In the future, we shall explore the logic consistency problem in retrieval-based chatbots by leveraging more features.
(2) No valid candidates. Another serious issue is the quality of candidates after retrieval. According to Wu et al. (2017), the candidate retrieval method can be described as follows: given a message un with {u1, …, un−1} utterances in its previous turns, the top five keywords are extracted from {u1, …, un−1} based on their TF-IDF scores.5un is then expanded with the keywords, and the expanded message is sent to the index to retrieve response candidates using the inline retrieval algorithm of the index. The performance of the heuristic message expansion method is not good enough. In the experiment, only 667 out of 1,000 contexts have correct candidates after response candidate retrieval. This indicates that there is still much room to improve the retrieval component, and message expansion with several keywords from previous turns may not be enough for candidate retrieval. In the future, we will consider advanced methods for retrieving candidates.

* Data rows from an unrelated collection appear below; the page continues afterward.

(* Fix a prime $q\ge3$. Let $T_1,T_2,T_3\subseteq\mathbb{F}_q$ be arbitrary sets of size $\ell>0$, and let $X_1,X_2$ be independent with $X_1$ uniform on $T_1$ and $X_2$ uniform on $T_2$. Then $$\Pr[X_1+X_2\in T_3]\le\begin{cases}\frac34+\frac{1}{4\ell^2}+\frac{\max(0,3\ell-2q-1)\cdot(3\ell-2q+1)}{4\ell^2}, & \ell\text{ odd},\\ \frac34+\frac{\max(0,3\ell-2q)^2}{4\ell^2}, & \ell\text{ even},\end{cases}$$ and this bound is tight for all $\ell$ (i.e., for every $\ell$ there exist such $T_1,T_2,T_3$ attaining it). In particular: (1) if $\ell\le 2q/3$, then $\Pr[X_1+X_2\in T_3]\le\frac34+\frac{1}{4\ell^2}$ when $\ell$ is odd and $\le\frac34$ when $\ell$ is even; (2) if $2q/3<\ell\le q-1$, then $\Pr[X_1+X_2\in T_3]\le\frac{q^2-3\ell(q-\ell)}{\ell^2}$. *)

theory Defs
  imports "HOL-Probability.Probability" "HOL-Computational_Algebra.Primes"
begin

text \<open>The field F_q is represented by the residues {0..<q} (q prime), with addition
  (a + b) mod q.\<close>

definition sum_in_prob :: "nat \<Rightarrow> nat set \<Rightarrow> nat set \<Rightarrow> nat set \<Rightarrow> real" where
  "sum_in_prob q T1 T2 T3 =
     measure_pmf.prob (pair_pmf (pmf_of_set T1) (pmf_of_set T2))
       {(x1, x2). (x1 + x2) mod q \<in> T3}"

text \<open>The bound of the lemma (q, l as integers to avoid truncated subtraction).\<close>

definition sumset_bound :: "nat \<Rightarrow> nat \<Rightarrow> real" where
  "sumset_bound q l =
     (let L = int l; Q = int q in
      if odd l then
        3/4 + 1 / (4 * real_of_int (L^2))
          + real_of_int (max 0 (3*L - 2*Q - 1) * (3*L - 2*Q + 1)) / (4 * real_of_int (L^2))
      else
        3/4 + real_of_int ((max 0 (3*L - 2*Q))^2) / (4 * real_of_int (L^2)))"

end

theory Submission
  imports Defs "HOL-Number_Theory.Cong"
begin

text \<open>Let \<open>r(c)\<close> be the number of pairs \<open>(a, b) \<in> A \<times> B\<close> with \<open>a + b = c\<close> in \<open>\<int>/q\<close>.
  Pollard's theorem says that for prime \<open>q\<close> and \<open>t \<le> min |A| |B|\<close> the capped sum
  \<open>\<Sum>\<^sub>c min (r c) t\<close> is at least \<open>t \<cdot> min q (|A| + |B| - t)\<close>.  Since the capped sum is at most
  \<open>t |C| + \<Sum>\<^sub>c\<^sub>\<notin>\<^sub>C r c\<close>, the number \<open>N\<close> of pairs with \<open>a + b \<in> C\<close> satisfies
  \<open>N + t \<cdot> min q (2l - t) \<le> l\<^sup>2 + t l\<close> when all three sets have size \<open>l\<close>; the choice
  \<open>t = \<lfloor>l/2\<rfloor>\<close> (if \<open>3l < 2q\<close>) or \<open>t = 2l - q\<close> (otherwise) yields the bound.
  Pollard's theorem is proved by induction on \<open>|B|\<close>: splitting \<open>B\<close> into \<open>B\<^sub>1 = {b. b + e \<in> A}\<close>
  and \<open>B\<^sub>2\<close>, the pairs \<open>(A \<union> (B\<^sub>2 + e), B\<^sub>1)\<close> and \<open>(A - (B\<^sub>1 + e), B\<^sub>2)\<close> share out \<open>r\<close> exactly,
  and primality of \<open>q\<close> provides an \<open>e\<close> for which \<open>B\<^sub>1\<close> is a proper nonempty subset of \<open>B\<close>.
  The bound is attained by \<open>T\<^sub>1 = T\<^sub>2 = {0..<l}\<close> and an interval \<open>T\<^sub>3\<close>: the middle
  \<open>l\<close> sums \<open>{\<lfloor>l/2\<rfloor>..<\<lfloor>l/2\<rfloor> + l}\<close> if \<open>3l < 2q\<close>, and \<open>{q - l..<q}\<close> otherwise.\<close>

section \<open>Representation counts modulo q\<close>

definition repr_count :: "nat \<Rightarrow> nat set \<Rightarrow> nat set \<Rightarrow> nat \<Rightarrow> nat" where
  "repr_count q A B c = card {(a, b) \<in> A \<times> B. (a + b) mod q = c}"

(3) Gap between training and test. The current method requires a huge amount of training data (i.e., context-response pairs) to learn a matching model. However, it is too expensive to obtain large-scale (e.g., millions of) human labeled pairs in practice. Therefore, we regard conversations with human replies as positive instances and conversations with randomly sampled replies as negative instances in model training. The negative sampling method, however, oversimplifies the learning of a matching model because most negative candidates are semantically far from human responses, and thus easy to recognize; and some negative candidates might be proper responses if they are judged by a human. Because of the gap in training and test, our matching models, although performing much better than the baseline models, are still far from perfect on the Douban corpus (see the low P@1 in Table 5). In the future, we may consider using small human labeled data sets but leveraging the large-scale unlabeled data to learn matching models.
8. Conclusion
In this paper we studied the problem of multi-turn response selection in which one has to model the relationships among utterances in a context and pay more attention to important parts of the context. We find that the existing models cannot address the two challenges at the same time when we summarize them into a general framework. Motivated by the analysis, we propose a sequential matching framework for context-response matching. The new framework is able to capture the important information in a context and model the utterance relationships simultaneously. Under the framework, we propose two specific models based on a convolution-pooling technique and an attention mechanism. We test the two models on two public data sets. The results indicate that both models can significantly outperform the state-of-the-art models. To further understand the models, we conduct ablation analysis and visualize key components of the two models. We also compare the two models in terms of their efficacy, efficiency, and sensitivity to hyper-parameters.
Acknowledgments
Yu Wu is supported by an AdeptMind Scholarship and a Microsoft Scholarship. This work was supported in part by the Natural Science Foundation of China (grants U1636211, 61672081, 61370126), the Beijing Advanced Innovation Center for Imaging Technology (grant BAICIT-2016001), and the National Key R&D Program of China (grant 2016QY04W0802).
Notes
We borrow the operator from MATLAB.
Tf is word frequency in the context, and IDF is calculated using the entire index.